Pretty sure the tank isn't overfilled because the dipstick on the filler cap checks out and the breather hole isn't shooting hydraulic fluid out of it when I am operating the splitter. However, when I two it the hydraulic fluid is coming out of the breather hole as the fluid sloshes around in the tank.

Is there any way to prevent this from happening when I tow the splitter, or is this just par for the course and I have to live with the hydraulic fluid mess?

Thanks.


----------



## TreePointer (May 11, 2016)

A recent discussion may help:

Huskee 22 Ton Log Splitter Hydraulic Tank Plug Vent


----------



## Kevin* (May 11, 2016)

Sintered bronze breather is your friend or go fancy with a desiccant filter

Sent from my SAMSUNG-SM-G890A using Tapatalk


----------



## KenLockett (May 11, 2016)

Kevin, out of curiosity how does a sintered bronze breather work?  I found them online but not sure how to apply here.  Simply remove existing plug then insert the sintered bronze breather?  Is there something special about the filter element.  If the hydraulic oil is splashing around will the oil not also weep out of this breather or are you implying using the breather atop an extended nipple section?


----------



## Kevin* (May 11, 2016)

If it's coming out just by sloshing around that will do the trick. If it's coming out because when hooked up too your truck the fluid level allows it to flow out then it will still come out, but much much less.
The breather is made out of a matrix of bronze for lack of a better explanation. Lots of my customers have switched to that type over our standard spring loaded pop open type.

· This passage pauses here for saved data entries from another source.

text \<open>The morphisms \<open>i \<rightarrow> k\<close> are \<open>{0..<M i k}\<close>. A code \<open>x < M i 0 * M 0 k\<close> stands for the pair
  \<open>(x div M 0 k, x mod M 0 k)\<close> of a morphism \<open>i \<rightarrow> 0\<close> and a morphism \<open>0 \<rightarrow> k\<close>; for \<open>i \<noteq> 0\<close> the
  top code \<open>M i i - 1\<close> is the identity of \<open>i\<close>; the codes left over are read as the pair
  \<open>(0, 0)\<close>.\<close>

definition through_fst :: "(nat \<Rightarrow> nat \<Rightarrow> nat) \<Rightarrow> nat \<Rightarrow> nat \<Rightarrow> nat \<Rightarrow> nat" where
  "through_fst M i j f = (if f < M i 0 * M 0 j then f div M 0 j else 0)"

definition through_snd :: "(nat \<Rightarrow> nat \<Rightarrow> nat) \<Rightarrow> nat \<Rightarrow> nat \<Rightarrow> nat \<Rightarrow> nat" where
  "through_snd M i j f = (if f < M i 0 * M 0 j then f mod M 0 j else 0)"

definition is_can_ident :: "(nat \<Rightarrow> nat \<Rightarrow> nat) \<Rightarrow> nat \<Rightarrow> nat \<Rightarrow> nat \<Rightarrow> bool" where
  "is_can_ident M i j f \<longleftrightarrow> i \<noteq> 0 \<and> j = i \<and> f = M i i - 1"

definition can_ident :: "(nat \<Rightarrow> nat \<Rightarrow> nat) \<Rightarrow> nat \<Rightarrow> nat" where
  "can_ident M i = (if i = 0 then 0 else M i i - 1)"

definition can_cmp :: "(nat \<Rightarrow> nat \<Rightarrow> nat) \<Rightarrow> nat \<Rightarrow> nat \<Rightarrow> nat \<Rightarrow> nat \<Rightarrow> nat \<Rightarrow> nat" where
  "can_cmp M i j k g f =
     (if is_can_ident M i j f then g
      else if is_can_ident M j k g then f
      else through_fst M i j f * M 0 k + through_snd M j k g)"

locale category_conditions =
  fixes n :: nat and M :: "nat \<Rightarrow> nat \<Rightarrow> nat"
  assumes M_pos: "\<forall>i<n. \<forall>j<n. M i j > 0"
    and M_0_0: "M 0 0 = 1"
    and M_diag: "\<forall>i. 1 \<le> i \<and> i < n \<longrightarrow> M i i > M 0 i * M i 0"
    and M_through: "\<forall>i j. 1 \<le> i \<and> i < n \<and> 1 \<le> j \<and> j < n \<longrightarrow> M i j \<ge> M i 0 * M 0 j"
begin

lemma M_through_le: "\<lbrakk>i < n; k < n\<rbrakk> \<Longrightarrow> M i 0 * M 0 k \<le> M i k"
  using M_through M_0_0 by (cases "i = 0 \<or> k = 0") auto

lemma not_is_can_ident_code:
  assumes "i < n" "x < M i 0 * M 0 k"
  shows "\<not> is_can_ident M i k x"
proof
  assume "is_can_ident M i k x"
  then have "1 \<le> i" "k = i" "x = M i i - 1" by (auto simp: is_can_ident_def)
  moreover have "M 0 i * M i 0 < M i i"
    using M_diag \<open>1 \<le> i\<close> \<open>i < n\<close> by simp
  ultimately show False using assms(2) by (simp add: mult.commute)
qed

lemma through_fst_less: "\<lbrakk>i < n; j < n\<rbrakk> \<Longrightarrow> through_fst M i j f < M i 0"
  using M_pos by (simp add: through_fst_def less_mult_imp_div_less)

lemma through_snd_less: "\<lbrakk>i < n; j < n\<rbrakk> \<Longrightarrow> through_snd M i j f < M 0 j"
  using M_pos by (simp add: through_snd_def)

lemma through_code:
  assumes "a < M i 0" "b < M 0 k"
  shows "through_fst M i k (a * M 0 k + b) = a" "through_snd M i k (a * M 0 k + b) = b"
  using mult_add_less_mult[OF assms] assms by (simp_all add: through_fst_def through_snd_def)

lemma can_cmp_ident_code_left: "is_can_ident M i j f \<Longrightarrow> can_cmp M i j k g f = g"
  by (simp add: can_cmp_def)

lemma can_cmp_ident_code_right: "is_can_ident M j k g \<Longrightarrow> can_cmp M i j k g f = f"
  by (auto simp: can_cmp_def is_can_ident_def)

lemma can_cmp_code:
  assumes "i < n" "j < n" "k < n" "\<not> is_can_ident M i j f" "\<not> is_can_ident M j k g"
  shows "can_cmp M i j k g f = through_fst M i j f * M 0 k + through_snd M j k g"
    and "can_cmp M i j k g f < M i 0 * M 0 k"
    and "\<not> is_can_ident M i k (can_cmp M i j k g f)"
proof -
  show eq: "can_cmp M i j k g f = through_fst M i j f * M 0 k + through_snd M j k g"
    using assms(4,5) by (simp add: can_cmp_def)
  show less: "can_cmp M i j k g f < M i 0 * M 0 k"
    unfolding eq using through_fst_less[OF assms(1,2)] through_snd_less[OF assms(2,3)]
    by (rule mult_add_less_mult)
  show "\<not> is_can_ident M i k (can_cmp M i j k g f)"
    using not_is_can_ident_code[OF assms(1) less] .
qed

lemma can_cmp_in_Hom:
  assumes "i < n" "j < n" "k < n" "f < M i j" "g < M j k"
  shows "can_cmp M i j k g f < M i k"
proof (cases "is_can_ident M i j f \<or> is_can_ident M j k g")
  case True
  then show ?thesis using assms(4,5) by (auto simp: can_cmp_def is_can_ident_def)
next
  case False
  then have "can_cmp M i j k g f < M i 0 * M 0 k" using can_cmp_code(2)[OF assms(1-3)] by blast
  then show ?thesis using M_through_le[OF assms(1,3)] by simp
qed

lemma can_cmp_ident_left:
  assumes "i < n" "j < n" "f < M i j"
  shows "can_cmp M i j j (can_ident M j) f = f"
proof (cases "j = 0")
  case True
  then show ?thesis using assms M_0_0
    by (simp add: can_cmp_def is_can_ident_def can_ident_def through_fst_def through_snd_def)
next
  case False
  then show ?thesis by (simp add: can_cmp_def is_can_ident_def can_ident_def)
qed

lemma can_cmp_ident_right:
  assumes "i < n" "j < n" "f < M i j"
  shows "can_cmp M i i j f (can_ident M i) = f"
proof (cases "i = 0")
  case True
  then show ?thesis using assms M_0_0
    by (simp add: can_cmp_def is_can_ident_def can_ident_def through_fst_def through_snd_def)
next
  case False
  then show ?thesis by (simp add: can_cmp_def is_can_ident_def can_ident_def)
qed

lemma can_cmp_assoc:
  assumes "i < n" "j < n" "k < n" "l < n"
  shows "can_cmp M i k l h (can_cmp M i j k g f) = can_cmp M i j l (can_cmp M j k l h g) f"
proof -
  consider "is_can_ident M i j f" | "is_can_ident M j k g" | "is_can_ident M k l h"
    | "\<not> is_can_ident M i j f" "\<not> is_can_ident M j k g" "\<not> is_can_ident M k l h"
    by blast
  then show ?thesis
  proof cases
    case 1
    then show ?thesis by (simp add: can_cmp_ident_code_left is_can_ident_def)
  next
    case 2
    then show ?thesis
      by (auto simp: can_cmp_ident_code_left can_cmp_ident_code_right is_can_ident_def)
  next
    case 3
    then show ?thesis by (auto simp: can_cmp_ident_code_right is_can_ident_def)
  next
    case 4
    have "can_cmp M i k l h (can_cmp M i j k g f)
        = through_fst M i k (can_cmp M i j k g f) * M 0 l + through_snd M k l h"
      using can_cmp_code(1)[OF assms(1,3,4) can_cmp_code(3)[OF assms(1-3) 4(1,2)] 4(3)] .
    also have "through_fst M i k (can_cmp M i j k g f) = through_fst M i j f"
      unfolding can_cmp_code(1)[OF assms(1-3) 4(1,2)]
      using through_code(1)[OF through_fst_less[OF assms(1,2)] through_snd_less[OF assms(2,3)]] .
    also have "through_snd M k l h = through_snd M j l (can_cmp M j k l h g)"
      unfolding can_cmp_code(1)[OF assms(2-4) 4(2,3)]
      using through_code(2)[OF through_fst_less[OF assms(2,3)] through_snd_less[OF assms(3,4)]] by simp
    also have "through_fst M i j f * M 0 l + through_snd M j l (can_cmp M j k l h g)
        = can_cmp M i j l (can_cmp M j k l h g) f"
      using can_cmp_code(1)[OF assms(1,2,4) 4(1) can_cmp_code(3)[OF assms(2-4) 4(2,3)]] by simp
    finally show ?thesis .
  qed
qed

lemma is_category_can: "is_category n (\<lambda>i j. {0..<M i j}) (can_cmp M) (can_ident M)"
  unfolding is_category_def
  using M_pos M_0_0 can_cmp_in_Hom can_cmp_assoc can_cmp_ident_left can_cmp_ident_right
  by (simp add: can_ident_def)

end

lemma Cat_nonempty_imp_conditions:
  assumes "Cat_nonempty n M"
    and pos: "\<forall>i<n. \<forall>j<n. M i j > 0"
    and M_0_0: "M 0 0 = 1"
    and End_nontrivial: "\<forall>i. 1 \<le> i \<and> i < n \<longrightarrow> M i i > 1"
  shows "(\<forall>i. 1 \<le> i \<and> i < n \<longrightarrow> M i i > M 0 i * M i 0) \<and>
         (\<forall>i j. 1 \<le> i \<and> i < n \<and> 1 \<le> j \<and> j < n \<longrightarrow> M i j \<ge> M i 0 * M 0 j)"
proof -
  obtain Hom :: "nat \<Rightarrow> nat \<Rightarrow> nat set" and cmp ident
    where cat: "is_category n Hom cmp ident"
      and card: "\<forall>i<n. \<forall>j<n. finite (Hom i j) \<and> card (Hom i j) = M i j"
    using assms(1) unfolding Cat_nonempty_def by blast
  interpret small_category n Hom cmp ident by (rule small_category.intro, rule cat)
  have nonempty: "Hom i j \<noteq> {}" if "i < n" "j < n" for i j
    using card pos that by (metis card.empty less_irrefl)
  have Hom_0_0: "Hom 0 0 = {ident 0}" if "0 < n"
    using card M_0_0 ident_in_Hom[OF that] that by (metis card_1_singletonE singletonD)
  show ?thesis
  proof (intro conjI allI impI)
    fix i assume i: "1 \<le> i \<and> i < n"
    then show "M i i > M 0 i * M i 0"
      using card_Hom_through_less[OF _ Hom_0_0 i[THEN conjunct2]] card End_nontrivial nonempty
      by (simp add: mult.commute)
  next
    fix i j assume "1 \<le> i \<and> i < n \<and> 1 \<le> j \<and> j < n"
    then show "M i j \<ge> M i 0 * M 0 j"
      using card_Hom_through_le[OF _ Hom_0_0] card nonempty by simp
  qed
qed

lemma (in category_conditions) Cat_nonempty: "Cat_nonempty n M"
  unfolding Cat_nonempty_def using is_category_can by fastforce

theorem mainTheorem6:
  fixes n :: nat and M :: "nat \<Rightarrow> nat \<Rightarrow> nat"
  assumes "n \<ge> 2"
    and "\<forall>i<n. \<forall>j<n. M i j > 0"
    and "M 0 0 = 1"
    and "\<forall>i. 1 \<le> i \<and> i < n \<longrightarrow> M i i > 1"
  shows "Cat_nonempty n M \<longleftrightarrow>
           (\<forall>i. 1 \<le> i \<and> i < n \<longrightarrow> M i i > M 0 i * M i 0) \<and>
           (\<forall>i j. 1 \<le> i \<and> i < n \<and> 1 \<le> j \<and> j < n \<longrightarrow> M i j \<ge> M i 0 * M 0 j)"
    (is "_ \<longleftrightarrow> ?conditions")
proof
  assume "Cat_nonempty n M"
  then show ?conditions using Cat_nonempty_imp_conditions assms(2-4) by blast
next
  assume ?conditions
  then interpret category_conditions n M
    using assms(2,3) by unfold_locales blast+
  show "Cat_nonempty n M" by (rule Cat_nonempty)
qed

end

Sent from my SAMSUNG-SM-G890A using Tapatalk


----------



## fabsroman (May 12, 2016)

TreePointer said:


> A recent discussion may help:
> 
> Huskee 22 Ton Log Splitter Hydraulic Tank Plug Vent



Thanks. That other thread has the solution I came up with last night after posting this thread. I was wondering if it would be a good idea. Think I am going to go with a 6" piece of galvanized npt threaded pipe and a filtered breather instead of this piece of crap they provided me with. Other than a few quirks here and there, I am pretty happy with the splitter. Granted, I have only used it for 3 hours at this point.

_"If it is NPT thread, add a nipple and coupling to extend it up 4 to 6 inches, then add a proper filtered breather.
This has been recently discussed here for searching."_


----------